# [What is needed]
Exactly retype the lines of the material from its first line to the line with "sends \<open>C_tors\<close> into", including both.

=-=-=-=-=

text \<open>The torsion of C is counted in two layers. As \<open>im \<psi> = ker \<chi>\<close>, the map \<open>\<chi>\<close>
  sends \<open>C_tors\<close> into \<open>D_tors\<close> with fibres that are cosets of \<open>C_tors \<inter> im \<psi>\<close>. If
  \<open>c = \<psi> b\<close> is torsion then some power \<open>b\<^sup>n\<close> lies in \<open>ker \<psi> = im \<phi>\<close>, so the class of \<open>b\<close> in
  \<open>Q = B_free / \<phi>_free(A_free)\<close> is torsion; two lifts with the same class differ by an
  element of \<open>B_tors \<cdot> im \<phi>\<close>, so their images differ by an element of \<open>\<psi>(B_tors)\<close>.
  Both steps are instances of one counting principle: if the fibres of \<open>f\<close> on a set \<open>X\<close>
  of group elements lie in translates of \<open>K\<close>, then \<open>|X| \<le> |K| \<cdot> |f(X)|\<close>.

  The torsion groups involved are finite because the groups are finitely generated:
  adjoining a generator \<open>g\<close> to a subgroup \<open>H\<close> adds only the finitely many cosets \<open>H g\<^sup>k\<close>
  of finite order in \<open>G/H\<close>.\<close>

lemma (in group) card_le_by_fibres:
  assumes S: "S \<subseteq> carrier G" and K: "finite K" and fS: "finite (f ` S)"
    and fibre: "\<And>x x'. x \<in> S \<Longrightarrow> x' \<in> S \<Longrightarrow> f x = f x' \<Longrightarrow> x' \<otimes> inv x \<in> K"
  shows "finite S" and "card S \<le> card K * card (f ` S)"
proof -
  let ?rep = "inv_into S f"
  have cover: "S \<subseteq> (\<Union>y\<in>f ` S. (\<lambda>z. z \<otimes> ?rep y) ` K)"
  proof
    fix x assume x: "x \<in> S"
    define r where "r = ?rep (f x)"
    have r: "r \<in> S" "f r = f x"
      unfolding r_def using x by (auto intro: inv_into_into f_inv_into_f)
    have "x = (x \<otimes> inv r) \<otimes> r"
      using x r(1) S by (simp add: m_assoc subsetD)
    moreover have "x \<otimes> inv r \<in> K" using fibre[OF r(1) x r(2)] .
    ultimately show "x \<in> (\<Union>y\<in>f ` S. (\<lambda>z. z \<otimes> ?rep y) ` K)"
      using x unfolding r_def by blast
  qed
  have finite_cover: "finite (\<Union>y\<in>f ` S. (\<lambda>z. z \<otimes> ?rep y) ` K)"
    by (intro finite_UN_I fS finite_imageI K)
  then show "finite S" by (rule finite_subset[OF cover])
  have "card S \<le> card (\<Union>y\<in>f ` S. (\<lambda>z. z \<otimes> ?rep y) ` K)"
    by (rule card_mono[OF finite_cover cover])
  also have "\<dots> \<le> (\<Sum>y\<in>f ` S. card ((\<lambda>z. z \<otimes> ?rep y) ` K))"
    by (rule card_UN_le[OF fS])
  also have "\<dots> \<le> (\<Sum>y\<in>f ` S. card K)"
    by (intro sum_mono card_image_le K)
  finally show "card S \<le> card K * card (f ` S)" by (simp add: mult.commute)
qed

lemma tors_subset_carrier: "tors G \<subseteq> carrier G"
  unfolding tors_def by auto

=-=-=-=-=

# [Output of the task]
text \<open>The torsion of C is counted in two layers. As \<open>im \<psi> = ker \<chi>\<close>, the map \<open>\<chi>\<close>
  sends \<open>C_tors\<close> into \<open>D_tors\<close> with fibres that are cosets of \<open>C_tors \<inter> im \<psi>\<close>. If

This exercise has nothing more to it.